A firm should consider vertical integration when
the competitive situation is highly volatile.
customer needs are evolving.
the suppliers of the firm willingly cooperate with the firm.
the suppliers of raw materials to the firm are unable to maintain quality standards.
The Correct Answer And Eplanation is
Correct Answer:
The suppliers of raw materials to the firm are unable to maintain quality standards.
Explanation:
Vertical integration is a strategic decision by a firm to expand its operations into different stages of production within the same industry. This can involve moving upstream (backward integration—acquiring or merging with suppliers) or downstream (forward integration—controlling distribution or retail operations). One of the key motivations behind vertical integration is to ensure control over critical aspects of the supply chain that affect the quality, cost, and availability of products or services.

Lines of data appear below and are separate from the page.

lemma dih_orbit_equivariant_image:
  assumes "\<And>y. h (s1 y) = t1 (h y)" and "\<And>y. h (s2 y) = t2 (h y)"
  shows "dih_orbit t1 t2 (h x) = h ` dih_orbit s1 s2 x"
proof
  show "dih_orbit t1 t2 (h x) \<subseteq> h ` dih_orbit s1 s2 x"
    by (rule dih_orbit_subsetI) (auto simp flip: assms intro: dih_orbit_s1 dih_orbit_s2)
  have "dih_orbit s1 s2 x \<subseteq> {y. h y \<in> dih_orbit t1 t2 (h x)}"
    by (rule dih_orbit_subsetI) (auto simp: assms intro: dih_orbit_s1 dih_orbit_s2)
  then show "h ` dih_orbit s1 s2 x \<subseteq> dih_orbit t1 t2 (h x)"
    by blast
qed

lemma num_fixed_image:
  assumes "inj g" and "\<And>y. g (s y) = t (g y)"
  shows "num_fixed t (g ` C) = num_fixed s C"
proof -
  have "{z \<in> g ` C. t z = z} = g ` {y \<in> C. s y = y}"
    using assms by (auto simp flip: assms(2) simp: inj_eq)
  then show ?thesis
    using assms(1) by (simp add: num_fixed_def card_image inj_on_subset)
qed

lemma dihedral_decomp_eq_if_commuting_permutation:
  assumes g: "g permutes {1..n}" and "g \<circ> s1 = t1 \<circ> g" and "g \<circ> s2 = t2 \<circ> g"
  shows "dihedral_decomp n s1 s2 = dihedral_decomp n t1 t2"
proof
  fix t
  have inj: "inj g"
    using g by (rule permutes_inj)
  have commute: "\<And>y. g (s1 y) = t1 (g y)" "\<And>y. g (s2 y) = t2 (g y)"
    using assms(2,3) by (metis comp_apply)+
  have "dih_orbits n t1 t2 = dih_orbit t1 t2 ` g ` {1..n}"
    unfolding dih_orbits_def permutes_image[OF g] ..
  also have "\<dots> = image g ` dih_orbits n s1 s2"
    by (simp add: dih_orbits_def image_image dih_orbit_equivariant_image[of g s1 t1 s2 t2, OF commute])
  finally have orbits: "dih_orbits n t1 t2 = image g ` dih_orbits n s1 s2" .
  have types: "orbit_type t1 t2 (g ` C) = orbit_type s1 s2 C" for C
    unfolding orbit_type_def num_fixed_image[of g s1 t1, OF inj commute(1)]
      num_fixed_image[of g s2 t2, OF inj commute(2)] ..
  have "{C \<in> dih_orbits n t1 t2. orbit_type t1 t2 C = t} =
      image g ` {C \<in> dih_orbits n s1 s2. orbit_type s1 s2 C = t}"
    unfolding orbits by (auto simp: types)
  moreover have "image_mset card (mset_set (image g ` A)) = image_mset card (mset_set A)" for A
  proof -
    have "inj_on (image g) A"
      using inj by (simp add: inj_on_def inj_image_eq_iff)
    then have "mset_set (image g ` A) = image_mset (image g) (mset_set A)"
      by (simp add: image_mset_mset_set)
    then show ?thesis
      using inj by (simp add: multiset.map_comp comp_def card_image inj_on_subset)
  qed
  ultimately show "dihedral_decomp n s1 s2 t = dihedral_decomp n t1 t2 t"
    by (simp add: dihedral_decomp_def)
qed
lemma permutations_of_faa_mset_subset:
  assumes "(k, B) \<in> faa_p d \<beta> r"
  shows "permutations_of_multiset (faa_mset (sum_list \<beta>) k B)
           \<subseteq> {vs \<in> vector_compositions d \<beta>. length vs = r}"
proof
  let ?n = "sum_list \<beta>"
  fix xs assume "xs \<in> permutations_of_multiset (faa_mset ?n k B)"
  then have M: "mset xs = faa_mset ?n k B" by (rule permutations_of_multisetD)
  obtain s where lens: "length k = ?n" "\<forall>j<?n. length (B ! j) = d"
    and support: "{j. j < ?n \<and> 0 < k ! j} = {?n - s..<?n}"
    and sorted: "sorted_wrt (mi_prec d) (replicate d 0 # map ((!) B) [?n - s..<?n])"
    and sums: "sum_list k = r" "\<forall>i<d. (\<Sum>j<?n. k ! j * B ! j ! i) = \<beta> ! i"
    using assms by (rule faa_pE)
  have "length xs = r"
    using arg_cong[OF M, of size] lens sums by (simp add: size_faa_mset sum_list_sum_nth atLeast0LessThan)
  moreover have "length v = d \<and> v \<noteq> replicate d 0" if "v \<in> set xs" for v
  proof -
    have "v \<in> set (map ((!) B) [?n - s..<?n])"
      using that M support by (metis set_mset_faa_mset set_mset_mset set_map set_upt)
    then have "mi_prec d (replicate d 0) v" and "length v = d" using sorted lens by auto
    then show ?thesis using asymp_mi_prec[of d] by (auto dest: asympD)
  qed
  moreover have "(\<Sum>v\<leftarrow>xs. v ! i) = \<beta> ! i" if "i < d" for i
  proof -
    have "(\<Sum>v\<leftarrow>xs. v ! i) = sum_mset (image_mset (\<lambda>v. v ! i) (mset xs))"
      by (metis mset_map sum_mset_sum_list)
    also have "\<dots> = (\<Sum>j<?n. k ! j * B ! j ! i)" unfolding M by (rule sum_mset_image_faa_mset)
    finally show ?thesis using sums that by simp
  qed
  ultimately show "xs \<in> {vs \<in> vector_compositions d \<beta>. length vs = r}"
    by (simp add: vector_compositions_def)
qed

lemma sum_faa_p_weights_le:
  assumes "length \<beta> = d"
  shows "(\<Sum>(k, B) \<in> faa_p d \<beta> r. real (fact r) / (\<Prod>j<sum_list \<beta>. real (fact (k ! j))))
           \<le> real (card {vs \<in> vector_compositions d \<beta>. length vs = r})"
proof -
  let ?P = "faa_p d \<beta> r" and ?F = "{vs \<in> vector_compositions d \<beta>. length vs = r}"
  let ?\<phi> = "\<lambda>(k, B). faa_mset (sum_list \<beta>) k B"
  have "(\<Sum>(k, B) \<in> ?P. real (fact r) / (\<Prod>j<sum_list \<beta>. real (fact (k ! j))))
          = (\<Sum>x\<in>?P. real (card (permutations_of_multiset (?\<phi> x))))"
    by (intro sum.cong) (auto simp: faa_p_weight simp del: of_nat_fact)
  also have "\<dots> = (\<Sum>M\<in>?\<phi> ` ?P. real (card (permutations_of_multiset M)))"
    by (simp add: sum.reindex[OF inj_on_faa_mset_faa_p])
  also have "\<dots> \<le> real (card ?F)"
  proof (cases "finite (?\<phi> ` ?P)")
    case True
    have "(\<Sum>M\<in>?\<phi> ` ?P. card (permutations_of_multiset M)) = card (\<Union>M\<in>?\<phi> ` ?P. permutations_of_multiset M)"
      by (rule card_UN_disjoint[symmetric]) (use True in \<open>auto dest!: permutations_of_multisetD\<close>)
    also have "\<dots> \<le> card ?F"
      using permutations_of_faa_mset_subset finite_card_vector_compositions[OF assms]
      by (intro card_mono) fastforce+
    finally show ?thesis by (simp flip: of_nat_sum)
  qed simp
  finally show ?thesis .
qed

lemma sum_card_fibres_le:
  assumes "finite A" and "finite R"
  shows "(\<Sum>r\<in>R. card {x \<in> A. f x = r}) \<le> card A"
proof -
  have "(\<Sum>r\<in>R. card {x \<in> A. f x = r}) = (\<Sum>r\<in>R \<inter> f ` A. card {x \<in> A. f x = r})"
    by (rule sum.mono_neutral_right) (use assms in auto)
  also have "\<dots> = card (\<Union>r\<in>R \<inter> f ` A. {x \<in> A. f x = r})"
    by (rule card_UN_disjoint[symmetric]) (use assms in auto)
  also have "\<dots> \<le> card A" by (rule card_mono[OF assms(1)]) auto
  finally show ?thesis .
qed

lemma sum_binomial_faa_p_weights_le:
  assumes "length \<beta> = d"
  shows "(\<Sum>r = 1..sum_list \<beta>. real (sum_list \<beta> choose r) *
            (\<Sum>(k, B) \<in> faa_p d \<beta> r. real (fact r) / (\<Prod>j<sum_list \<beta>. real (fact (k ! j)))))
         \<le> 2 ^ sum_list \<beta> * real (card (vector_compositions d \<beta>))"
proof -
  let ?n = "sum_list \<beta>" and ?V = "vector_compositions d \<beta>"
  let ?S = "\<lambda>r. \<Sum>(k, B) \<in> faa_p d \<beta> r. real (fact r) / (\<Prod>j<?n. real (fact (k ! j)))"
  have "(\<Sum>r = 1..?n. real (?n choose r) * ?S r)
        \<le> (\<Sum>r = 1..?n. 2 ^ ?n * real (card {vs \<in> ?V. length vs = r}))"
  proof (rule sum_mono)
    fix r
    have "real (?n choose r) \<le> 2 ^ ?n"
      using binomial_le_pow2[of ?n r] by (metis of_nat_le_iff of_nat_numeral of_nat_power)
    moreover have "0 \<le> ?S r" by (intro sum_nonneg) (auto intro!: divide_nonneg_nonneg prod_nonneg)
    ultimately show "real (?n choose r) * ?S r \<le> 2 ^ ?n * real (card {vs \<in> ?V. length vs = r})"
      using sum_faa_p_weights_le[OF assms] by (intro mult_mono) auto
  qed
  also have "\<dots> = 2 ^ ?n * real (\<Sum>r = 1..?n. card {vs \<in> ?V. length vs = r})"
    by (simp add: sum_distrib_left)
  also have "\<dots> \<le> 2 ^ ?n * real (card ?V)"
    using sum_card_fibres_le[OF _ finite_atLeastAtMost] finite_card_vector_compositions[OF assms]
    by (intro mult_left_mono of_nat_mono) auto
  finally show ?thesis .
qed

lemma double_le_power_two: "2 * d \<le> (2::nat) ^ d"
proof (induction d)
  case (Suc d) then show ?case by (cases d) auto
qed simp

theorem lemma7p4:
  fixes d :: nat and \<beta> :: "nat list"
  assumes "length \<beta> = d" and "\<beta> \<noteq> replicate d 0"
  shows "(\<Sum>r = 1..sum_list \<beta>. real (sum_list \<beta> choose r) *
            (\<Sum>(k, B) \<in> faa_p d \<beta> r. real (fact r) / (\<Prod>j<sum_list \<beta>. real (fact (k ! j)))))
         \<le> 2 ^ (sum_list \<beta> * (d + 1))"
  \<comment> \<open>For \<beta> = 0 the sum is empty.\<close>
proof -
  let ?n = "sum_list \<beta>"
  have "(\<Sum>r = 1..?n. real (?n choose r) *
            (\<Sum>(k, B) \<in> faa_p d \<beta> r. real (fact r) / (\<Prod>j<?n. real (fact (k ! j)))))
        \<le> 2 ^ ?n * real (card (vector_compositions d \<beta>))"
    using assms(1) by (rule sum_binomial_faa_p_weights_le)
  also have "\<dots> \<le> 2 ^ ?n * real ((2 ^ d) ^ ?n)"
    using finite_card_vector_compositions[OF assms(1)] power_mono[OF double_le_power_two]
    by (intro mult_left_mono of_nat_mono) (auto intro: le_trans)
  also have "\<dots> = 2 ^ (?n * (d + 1))"
    by (simp add: power_mult[symmetric] power_add[symmetric] algebra_simps)
  finally show ?thesis .
qed

end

In the context of the question, if suppliers of raw materials are unable to maintain quality standards, it directly affects the firm’s final output. Poor-quality inputs can damage a company’s reputation, lead to product recalls, increased costs, and reduced customer satisfaction. To mitigate these risks, a firm may decide to vertically integrate by acquiring or developing its own supply sources to gain better control over the quality of raw materials.
This strategic move allows the firm to:
- Set and enforce its own quality standards.
- Reduce dependency on unreliable suppliers.
- Streamline production processes and enhance efficiency.
- Potentially lower long-term costs by eliminating supplier markups.
Vertical integration is less justified in the other options:
- Highly volatile competitive situations require flexibility and adaptability, not necessarily integration, which often increases fixed costs and reduces agility.
- Evolving customer needs might require more innovation and market responsiveness, which can be constrained by the rigidity of vertical integration.
- Willing supplier cooperation actually reduces the need for integration, as collaboration and strong supplier relationships can achieve desired results without the cost of ownership.
Thus, when quality from suppliers is compromised and threatens the firm’s operations or brand, vertical integration becomes a strategically sound response.